What you need to do
Each record that follows must be given again without alteration.

Material for this task
lemma error_geometric: "sup_norm (\<lambda>s. U k s - V s) \<le> g ^ k * sup_norm V"
proof (rule sup_norm_error_le)
  fix s
  show "V s - U k s \<le> g ^ k * sup_norm V"
  proof (induction k arbitrary: s)
    case 0
    show ?case using abs_le_sup_norm[of V s] by simp
  next
    case (Suc k)
    let ?avg = "\<Sum>t\<in>UNIV. P s t * (V t - U k t)"
    have "0 \<le> ?avg"
      using U_iter_le_value by (intro stochastic_avg_nonneg stochastic) simp
    then have "V s - U (Suc k) s \<le> g * ?avg"
      unfolding error_Suc by (intro mult_right_mono disc_le_g)
    also have "\<dots> \<le> g * (g ^ k * sup_norm V)"
      using Suc gB_pos gB_less by (intro mult_left_mono stochastic_avg_le stochastic) auto
    finally show ?case by simp
  qed
qed

lemma U_iter_rej_bscc: "s \<in> rej_bscc_states P B \<Longrightarrow> U k s = 0"
proof (induction k arbitrary: s)
  case (Suc k)
  have "P s t * U k t = 0" for t
    using Suc rej_bscc_states_closed[OF Suc.prems, of t] stochastic_nonneg[OF stochastic, of s t]
    by force
  then show ?case
    using rej_bscc_states_not_accepting[OF Suc.prems] by (simp add: rew_def del: mult_eq_0_iff)
qed simp

lemma value_rej_bscc: "s \<in> rej_bscc_states P B \<Longrightarrow> V s = 0"
  using U_iter_tendsto_value[of s] by (simp add: U_iter_rej_bscc LIMSEQ_const_iff)

lemma subsolution_accepting:
  assumes sub: "x \<le> \<Gamma> s * (\<Sum>t\<in>UNIV. P s t * y t)"
    and bounds: "\<And>t. 0 \<le> y t \<and> y t \<le> M" and "s \<in> B"
  shows "x \<le> gB * M"
proof -
  have "(\<Sum>t\<in>UNIV. P s t * y t) \<le> M"
    using bounds by (blast intro: stochastic_avg_le stochastic)
  then show ?thesis
    using sub \<open>s \<in> B\<close> gB_pos by (simp add: disc_def) (meson mult_left_mono order_trans less_imp_le)
qed

lemma subsolution_through_edge:
  assumes sub: "x \<le> \<Gamma> s * (\<Sum>u\<in>UNIV. P s u * y u)"
    and bounds: "\<And>u. 0 \<le> y u \<and> y u \<le> M"
    and "y t \<le> M - d" and "0 \<le> d" and "\<epsilon> \<le> P s t"
  shows "x \<le> M - \<epsilon> * d"
proof -
  have "0 \<le> (\<Sum>u\<in>UNIV. P s u * y u)"
    using bounds by (blast intro: stochastic_avg_nonneg stochastic)
  then have "x \<le> (\<Sum>u\<in>UNIV. P s u * y u)"
    using sub disc_nonneg[of s] disc_le_g[of s] g_le_1
    by (meson mult_left_le_one_le order_trans)
  also have "\<dots> \<le> M - \<epsilon> * d"
    using bounds assms(3-5) by (intro stochastic_avg_le_dip stochastic) auto
  finally show ?thesis .
qed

Your solution
lemma error_geometric: "sup_norm (\<lambda>s. U k s - V s) \<le> g ^ k * sup_norm V"
proof (rule sup_norm_error_le)
  fix s
  show "V s - U k s \<le> g ^ k * sup_norm V"
  proof (induction k arbitrary: s)
    case 0
    show ?case using abs_le_sup_norm[of V s] by simp
  next
    case (Suc k)
    let ?avg = "\<Sum>t\<in>UNIV. P s t * (V t - U k t)"
    have "0 \<le> ?avg"
      using U_iter_le_value by (intro stochastic_avg_nonneg stochastic) simp
    then have "V s - U (Suc k) s \<le> g * ?avg"
      unfolding error_Suc by (intro mult_right_mono disc_le_g)
    also have "\<dots> \<le> g * (g ^ k * sup_norm V)"
      using Suc gB_pos gB_less by (intro mult_left_mono stochastic_avg_le stochastic) auto
    finally show ?case by simp
  qed
qed

lemma U_iter_rej_bscc: "s \<in> rej_bscc_states P B \<Longrightarrow> U k s = 0"
proof (induction k arbitrary: s)
  case (Suc k)
  have "P s t * U k t = 0" for t
    using Suc rej_bscc_states_closed[OF Suc.prems, of t] stochastic_nonneg[OF stochastic, of s t]
    by force
  then show ?case
    using rej_bscc_states_not_accepting[OF Suc.prems] by (simp add: rew_def del: mult_eq_0_iff)
qed simp

lemma value_rej_bscc: "s \<in> rej_bscc_states P B \<Longrightarrow> V s = 0"
  using U_iter_tendsto_value[of s] by (simp add: U_iter_rej_bscc LIMSEQ_const_iff)

lemma subsolution_accepting:
  assumes sub: "x \<le> \<Gamma> s * (\<Sum>t\<in>UNIV. P s t * y t)"
    and bounds: "\<And>t. 0 \<le> y t \<and> y t \<le> M" and "s \<in> B"
  shows "x \<le> gB * M"
proof -
  have "(\<Sum>t\<in>UNIV. P s t * y t) \<le> M"
    using bounds by (blast intro: stochastic_avg_le stochastic)
  then show ?thesis
    using sub \<open>s \<in> B\<close> gB_pos by (simp add: disc_def) (meson mult_left_mono order_trans less_imp_le)
qed

lemma subsolution_through_edge:
  assumes sub: "x \<le> \<Gamma> s * (\<Sum>u\<in>UNIV. P s u * y u)"
    and bounds: "\<And>u. 0 \<le> y u \<and> y u \<le> M"
    and "y t \<le> M - d" and "0 \<le> d" and "\<epsilon> \<le> P s t"
  shows "x \<le> M - \<epsilon> * d"
proof -
  have "0 \<le> (\<Sum>u\<in>UNIV. P s u * y u)"
    using bounds by (blast intro: stochastic_avg_nonneg stochastic)
  then have "x \<le> (\<Sum>u\<in>UNIV. P s u * y u)"
    using sub disc_nonneg[of s] disc_le_g[of s] g_le_1
    by (meson mult_left_le_one_le order_trans)
  also have "\<dots> \<le> M - \<epsilon> * d"
    using bounds assms(3-5) by (intro stochastic_avg_le_dip stochastic) auto
  finally show ?thesis .
qed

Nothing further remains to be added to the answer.